EXERCISE INPUTS
lemma parseval_frame_gram_row:
  assumes "Phi \<in> parseval_frames K M N"
  shows "(\<Sum>b<M. (cmod (frame_inner N (Phi i) (Phi b)))\<^sup>2) = frame_sqnorm N (Phi i)"
proof -
  have parseval: "k < N \<Longrightarrow> l < N \<Longrightarrow>
      (\<Sum>b<M. Phi b k * cnj (Phi b l)) = (if k = l then 1 else 0)" for k l
    using assms unfolding parseval_frames_def by blast
  have "complex_of_real (\<Sum>b<M. (cmod (frame_inner N (Phi i) (Phi b)))\<^sup>2)
      = (\<Sum>b<M. frame_inner N (Phi i) (Phi b) * cnj (frame_inner N (Phi i) (Phi b)))"
    by (simp add: complex_norm_square[symmetric])
  also have "\<dots> = (\<Sum>b<M. \<Sum>k<N. \<Sum>l<N. Phi b k * (Phi i l * (cnj (Phi b l) * cnj (Phi i k))))"
    unfolding frame_inner_def by (simp add: sum_product algebra_simps)
  also have "\<dots> = (\<Sum>k<N. \<Sum>l<N. Phi i l * cnj (Phi i k) * (\<Sum>b<M. Phi b k * cnj (Phi b l)))"
    by (simp add: sum_distrib_left sum.swap[of _ "{..<M}"] algebra_simps)
  also have "\<dots> = (\<Sum>k<N. \<Sum>l<N. Phi i l * cnj (Phi i k) * (if k = l then 1 else 0))"
    by (intro sum.cong refl) (simp add: parseval)
  also have "\<dots> = complex_of_real (frame_sqnorm N (Phi i))"
    by (simp add: if_distrib frame_sqnorm_def complex_norm_square[symmetric] cong: if_cong)
  finally show ?thesis
    using of_real_eq_iff by blast
qed

lemma parseval_frame_gram_offdiag_sum_squares:
  assumes "Phi \<in> parseval_frames K M N" and "i < M"
  shows "(\<Sum>b\<in>{..<M}-{i}. (cmod (frame_inner N (Phi i) (Phi b)))\<^sup>2)
           = frame_sqnorm N (Phi i) - (frame_sqnorm N (Phi i))\<^sup>2"
  using parseval_frame_gram_row[OF assms(1), of i] assms(2)
  by (simp add: sum.remove frame_inner_self)

lemma parseval_frame_gram_offdiag_sum_squared_le:
  assumes "Phi \<in> parseval_frames K M N" and "i < M"
  shows "(\<Sum>b\<in>{..<M}-{i}. cmod (frame_inner N (Phi i) (Phi b)))\<^sup>2
           \<le> real M * (frame_sqnorm N (Phi i) - (frame_sqnorm N (Phi i))\<^sup>2)"
proof -
  let ?B = "{..<M}-{i}"
  have "(\<Sum>b\<in>?B. cmod (frame_inner N (Phi i) (Phi b)))\<^sup>2
      \<le> (\<Sum>b\<in>?B. (cmod (frame_inner N (Phi i) (Phi b)))\<^sup>2) * card ?B"
    by (rule sum_squared_le_sum_of_squares)
  also have "\<dots> \<le> (\<Sum>b\<in>?B. (cmod (frame_inner N (Phi i) (Phi b)))\<^sup>2) * M"
    using card_mono[OF finite_lessThan Diff_subset, of M "{i}"]
    by (intro mult_left_mono sum_nonneg) auto
  finally show ?thesis
    using parseval_frame_gram_offdiag_sum_squares[OF assms] by (simp add: mult.commute)
qed

definition inv_sqrt2 :: complex where
  "inv_sqrt2 = complex_of_real (sqrt 2 / 2)"

lemma inv_sqrt2_squared: "inv_sqrt2 * inv_sqrt2 = 1 / 2"
  unfolding inv_sqrt2_def by (simp flip: of_real_mult)

lemma cnj_inv_sqrt2 [simp]: "cnj inv_sqrt2 = inv_sqrt2"
  by (simp add: inv_sqrt2_def)

lemma norm_inv_sqrt2: "cmod inv_sqrt2 = sqrt 2 / 2"
  by (simp add: inv_sqrt2_def)

definition rotate_pair :: "(nat \<Rightarrow> nat \<Rightarrow> complex) \<Rightarrow> nat \<Rightarrow> nat \<Rightarrow> nat \<Rightarrow> nat \<Rightarrow> complex" where
  "rotate_pair Phi i j = (\<lambda>a k. if a = i then inv_sqrt2 * (Phi i k + Phi j k)
                               else if a = j then inv_sqrt2 * (Phi j k - Phi i k) else Phi a k)"

lemma rotate_pair_first: "rotate_pair Phi i j i = (\<lambda>k. inv_sqrt2 * (Phi i k + Phi j k))"
  by (simp add: rotate_pair_def)

lemma rotate_pair_second: "i \<noteq> j \<Longrightarrow> rotate_pair Phi i j j = (\<lambda>k. inv_sqrt2 * (Phi j k - Phi i k))"
  by (auto simp add: rotate_pair_def)

lemma rotate_pair_other: "a \<noteq> i \<Longrightarrow> a \<noteq> j \<Longrightarrow> rotate_pair Phi i j a = Phi a"
  by (auto simp add: rotate_pair_def)

lemma rotate_pair_parseval:
  assumes Phi: "Phi \<in> parseval_frames K M N" and K: "K = \<real> \<or> K = UNIV"
    and ij: "i \<noteq> j" "i < M" "j < M"
  shows "rotate_pair Phi i j \<in> parseval_frames K M N"
proof -
  let ?Psi = "rotate_pair Phi i j"
  have "\<forall>a<M. \<forall>k<N. Phi a k \<in> K" and "\<forall>a k. (M \<le> a \<or> N \<le> k) \<longrightarrow> Phi a k = 0"
    and "\<forall>k<N. \<forall>l<N. (\<Sum>a<M. Phi a k * cnj (Phi a l)) = (if k = l then 1 else 0)"
    using Phi unfolding parseval_frames_def by blast+
  moreover have "\<forall>a<M. \<forall>k<N. ?Psi a k \<in> K" if "\<forall>a<M. \<forall>k<N. Phi a k \<in> K"
    using K that ij by (auto simp: rotate_pair_def inv_sqrt2_def)
  moreover have "(\<Sum>a<M. ?Psi a k * cnj (?Psi a l)) = (\<Sum>a<M. Phi a k * cnj (Phi a l))" for k l
  proof -
    have "?Psi i k * cnj (?Psi i l) + ?Psi j k * cnj (?Psi j l)
        = (inv_sqrt2 * inv_sqrt2 * 2) * (Phi i k * cnj (Phi i l) + Phi j k * cnj (Phi j l))"
      using ij by (simp add: rotate_pair_first rotate_pair_second algebra_simps)
    then show ?thesis
      using ij by (simp add: sum_split_pair[OF ij] inv_sqrt2_squared rotate_pair_other)
  qed
  ultimately show ?thesis
    using ij unfolding parseval_frames_def by (simp add: rotate_pair_def)
qed

lemma norm_inner_rotate_pair_center:
  assumes "i \<noteq> j"
  shows "\<bar>frame_sqnorm N (Phi j) - frame_sqnorm N (Phi i)\<bar> / 2 - cmod (frame_inner N (Phi i) (Phi j))
           \<le> cmod (frame_inner N (rotate_pair Phi i j i) (rotate_pair Phi i j j))"
proof -
  define G where "G a b = frame_inner N (Phi a) (Phi b)" for a b
  define \<Delta> where "\<Delta> = complex_of_real ((frame_sqnorm N (Phi j) - frame_sqnorm N (Phi i)) / 2)"
  have "frame_inner N (rotate_pair Phi i j i) (rotate_pair Phi i j j)
      = inv_sqrt2 * cnj inv_sqrt2 * ((G i j - G i i) + (G j j - G j i))"
    using assms unfolding G_def
    by (simp add: rotate_pair_first rotate_pair_second frame_inner_scale_left
        frame_inner_scale_right frame_inner_add_left frame_inner_diff_right algebra_simps)
  also have "\<dots> = (G i j - G j i) / 2 + \<Delta>"
    by (simp add: inv_sqrt2_squared G_def \<Delta>_def frame_inner_self field_simps)
  finally have "\<Delta> = frame_inner N (rotate_pair Phi i j i) (rotate_pair Phi i j j) - (G i j - G j i) / 2"
    by simp
  then have "cmod \<Delta> \<le> cmod (frame_inner N (rotate_pair Phi i j i) (rotate_pair Phi i j j))
      + cmod (G i j - G j i) / 2"
    using norm_triangle_ineq4 by (metis norm_divide norm_numeral)
  moreover have "cmod (G i j - G j i) \<le> 2 * cmod (G i j)"
    using norm_triangle_ineq4[of "G i j" "G j i"] norm_frame_inner_commute unfolding G_def by simp
  moreover have "cmod \<Delta> = \<bar>frame_sqnorm N (Phi j) - frame_sqnorm N (Phi i)\<bar> / 2"
    unfolding \<Delta>_def norm_of_real by simp
  ultimately show ?thesis
    unfolding G_def by linarith
qed

text \<open>This holds because phi_j = (psi_i + psi_j) / sqrt 2 for the rotated vectors psi.\<close>
lemma norm_inner_rotate_pair_other:
  assumes "b \<noteq> i" "b \<noteq> j" "i \<noteq> j"
  shows "cmod (frame_inner N (Phi j) (Phi b))
           \<le> cmod (frame_inner N (rotate_pair Phi i j i) (Phi b))
             + cmod (frame_inner N (rotate_pair Phi i j j) (Phi b))"
proof -
  define x where "x = frame_inner N (Phi i) (Phi b)"
  define y where "y = frame_inner N (Phi j) (Phi b)"
  have rotated: "frame_inner N (rotate_pair Phi i j i) (Phi b) = inv_sqrt2 * (x + y)"
    "frame_inner N (rotate_pair Phi i j j) (Phi b) = inv_sqrt2 * (y - x)"
    using assms unfolding x_def y_def
    by (simp_all add: rotate_pair_first rotate_pair_second rotate_pair_other
        frame_inner_scale_left frame_inner_add_left frame_inner_diff_left)
  have "cmod y \<le> sqrt 2 / 2 * (2 * cmod y)"
    using mult_right_mono[of 1 "sqrt 2 / 2 * 2" "cmod y"] by (simp add: real_le_rsqrt)
  also have "\<dots> \<le> sqrt 2 / 2 * (cmod (x + y) + cmod (y - x))"
    using norm_triangle_ineq[of "x + y" "y - x"] by (intro mult_left_mono) auto
  also have "\<dots> = cmod (frame_inner N (rotate_pair Phi i j i) (Phi b))
             + cmod (frame_inner N (rotate_pair Phi i j j) (Phi b))"
    unfolding rotated norm_mult norm_inv_sqrt2 by (rule distrib_left)
  finally show ?thesis
    unfolding y_def .
qed

lemma total_coherence_rotate_pair_gain:
  assumes ij: "i \<noteq> j" "i < M" "j < M"
  shows "\<bar>frame_sqnorm N (Phi j) - frame_sqnorm N (Phi i)\<bar>
           - 4 * (\<Sum>b\<in>{..<M}-{i}. cmod (frame_inner N (Phi i) (Phi b)))
         \<le> total_coherence M N (rotate_pair Phi i j) - total_coherence M N Phi"
proof -
  define Psi where "Psi = rotate_pair Phi i j"
  define T where "T Xi a b = (if a \<noteq> b then cmod (frame_inner N (Xi a) (Xi b)) else 0)"
    for Xi :: "nat \<Rightarrow> nat \<Rightarrow> complex" and a b :: nat
  define S where "S = (\<Sum>b\<in>{..<M}-{i}. cmod (frame_inner N (Phi i) (Phi b)))"
  let ?A = "{..<M}-{i,j}"
  have split: "total_coherence M N Xi = 2 * T Xi i j + 2 * (\<Sum>b\<in>?A. T Xi i b + T Xi j b)
      + (\<Sum>a\<in>?A. \<Sum>b\<in>?A. T Xi a b)" for Xi
    unfolding total_coherence_def T_def[symmetric]
    by (rule sum_sum_symmetric_split_pair[OF ij]) (auto simp: T_def norm_frame_inner_commute)
  have "(\<Sum>a\<in>?A. \<Sum>b\<in>?A. T Psi a b) = (\<Sum>a\<in>?A. \<Sum>b\<in>?A. T Phi a b)"
    by (intro sum.cong refl) (simp add: T_def Psi_def rotate_pair_other)
  moreover have "\<bar>frame_sqnorm N (Phi j) - frame_sqnorm N (Phi i)\<bar> / 2 - T Phi i j \<le> T Psi i j"
    using norm_inner_rotate_pair_center[OF ij(1)] ij(1) by (simp add: T_def Psi_def)
  moreover have "(\<Sum>b\<in>?A. T Phi i b + T Phi j b)
      \<le> (\<Sum>b\<in>?A. T Psi i b + T Psi j b) + (\<Sum>b\<in>?A. T Phi i b)"
  proof -
    have "T Phi j b \<le> T Psi i b + T Psi j b" if "b \<in> ?A" for b
      using that norm_inner_rotate_pair_other[of b i j N Phi] ij(1)
      by (simp add: T_def Psi_def rotate_pair_other)
    then have "(\<Sum>b\<in>?A. T Phi i b + T Phi j b) \<le> (\<Sum>b\<in>?A. T Psi i b + T Psi j b + T Phi i b)"
      by (intro sum_mono) (simp add: add.commute add_left_mono)
    then show ?thesis
      by (simp add: sum.distrib)
  qed
  moreover have "S = T Phi i j + (\<Sum>b\<in>?A. T Phi i b)"
  proof -
    have "S = (\<Sum>b\<in>{..<M}-{i}. T Phi i b)"
      unfolding S_def T_def by (intro sum.cong) auto
    also have "\<dots> = T Phi i j + (\<Sum>b\<in>{..<M}-{i}-{j}. T Phi i b)"
      using ij by (intro sum.remove) auto
    finally show ?thesis
      by (simp add: Diff_insert2[symmetric])
  qed
  moreover have "0 \<le> T Phi i j" "0 \<le> (\<Sum>b\<in>?A. T Phi i b)"
    by (auto simp: T_def intro: sum_nonneg)
  ultimately show ?thesis
    unfolding split Psi_def[symmetric] S_def[symmetric] by argo
qed

lemma total_coherence_maximizer_sqnorm_gap:
  assumes Phi: "Phi \<in> parseval_frames K M N" and K: "K = \<real> \<or> K = UNIV"
    and max: "\<forall>Psi \<in> parseval_frames K M N. total_coherence M N Psi \<le> total_coherence M N Phi"
    and ij: "i \<noteq> j" "i < M" "j < M"
  shows "(frame_sqnorm N (Phi j) - frame_sqnorm N (Phi i))\<^sup>2
           \<le> 16 * real M * (frame_sqnorm N (Phi i) - (frame_sqnorm N (Phi i))\<^sup>2)"
proof -
  define S where "S = (\<Sum>b\<in>{..<M}-{i}. cmod (frame_inner N (Phi i) (Phi b)))"
  have "total_coherence M N (rotate_pair Phi i j) \<le> total_coherence M N Phi"
    using max rotate_pair_parseval[OF Phi K ij] by blast
  then have "\<bar>frame_sqnorm N (Phi j) - frame_sqnorm N (Phi i)\<bar> \<le> 4 * S"
    using total_coherence_rotate_pair_gain[OF ij, of N Phi] unfolding S_def by linarith
  then have "\<bar>frame_sqnorm N (Phi j) - frame_sqnorm N (Phi i)\<bar>\<^sup>2 \<le> (4 * S)\<^sup>2"
    by (intro power_mono) auto
  then have "(frame_sqnorm N (Phi j) - frame_sqnorm N (Phi i))\<^sup>2 \<le> 16 * S\<^sup>2"
    by (simp add: power_mult_distrib)
  also have "\<dots> \<le> 16 * real M * (frame_sqnorm N (Phi i) - (frame_sqnorm N (Phi i))\<^sup>2)"
    using parseval_frame_gram_offdiag_sum_squared_le[OF Phi ij(2)] unfolding S_def by linarith
  finally show ?thesis .
qed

WHAT IS EXPECTED
Word for word, restate the data above from its first line down to and including the line with "k) * (\<Sum>b<M.".

TASK RESPONSE
lemma parseval_frame_gram_row:
  assumes "Phi \<in> parseval_frames K M N"
  shows "(\<Sum>b<M. (cmod (frame_inner N (Phi i) (Phi b)))\<^sup>2) = frame_sqnorm N (Phi i)"
proof -
  have parseval: "k < N \<Longrightarrow> l < N \<Longrightarrow>
      (\<Sum>b<M. Phi b k * cnj (Phi b l)) = (if k = l then 1 else 0)" for k l
    using assms unfolding parseval_frames_def by blast
  have "complex_of_real (\<Sum>b<M. (cmod (frame_inner N (Phi i) (Phi b)))\<^sup>2)
      = (\<Sum>b<M. frame_inner N (Phi i) (Phi b) * cnj (frame_inner N (Phi i) (Phi b)))"
    by (simp add: complex_norm_square[symmetric])
  also have "\<dots> = (\<Sum>b<M. \<Sum>k<N. \<Sum>l<N. Phi b k * (Phi i l * (cnj (Phi b l) * cnj (Phi i k))))"
    unfolding frame_inner_def by (simp add: sum_product algebra_simps)
  also have "\<dots> = (\<Sum>k<N. \<Sum>l<N. Phi i l * cnj (Phi i k) * (\<Sum>b<M. Phi b k * cnj (Phi b l)))"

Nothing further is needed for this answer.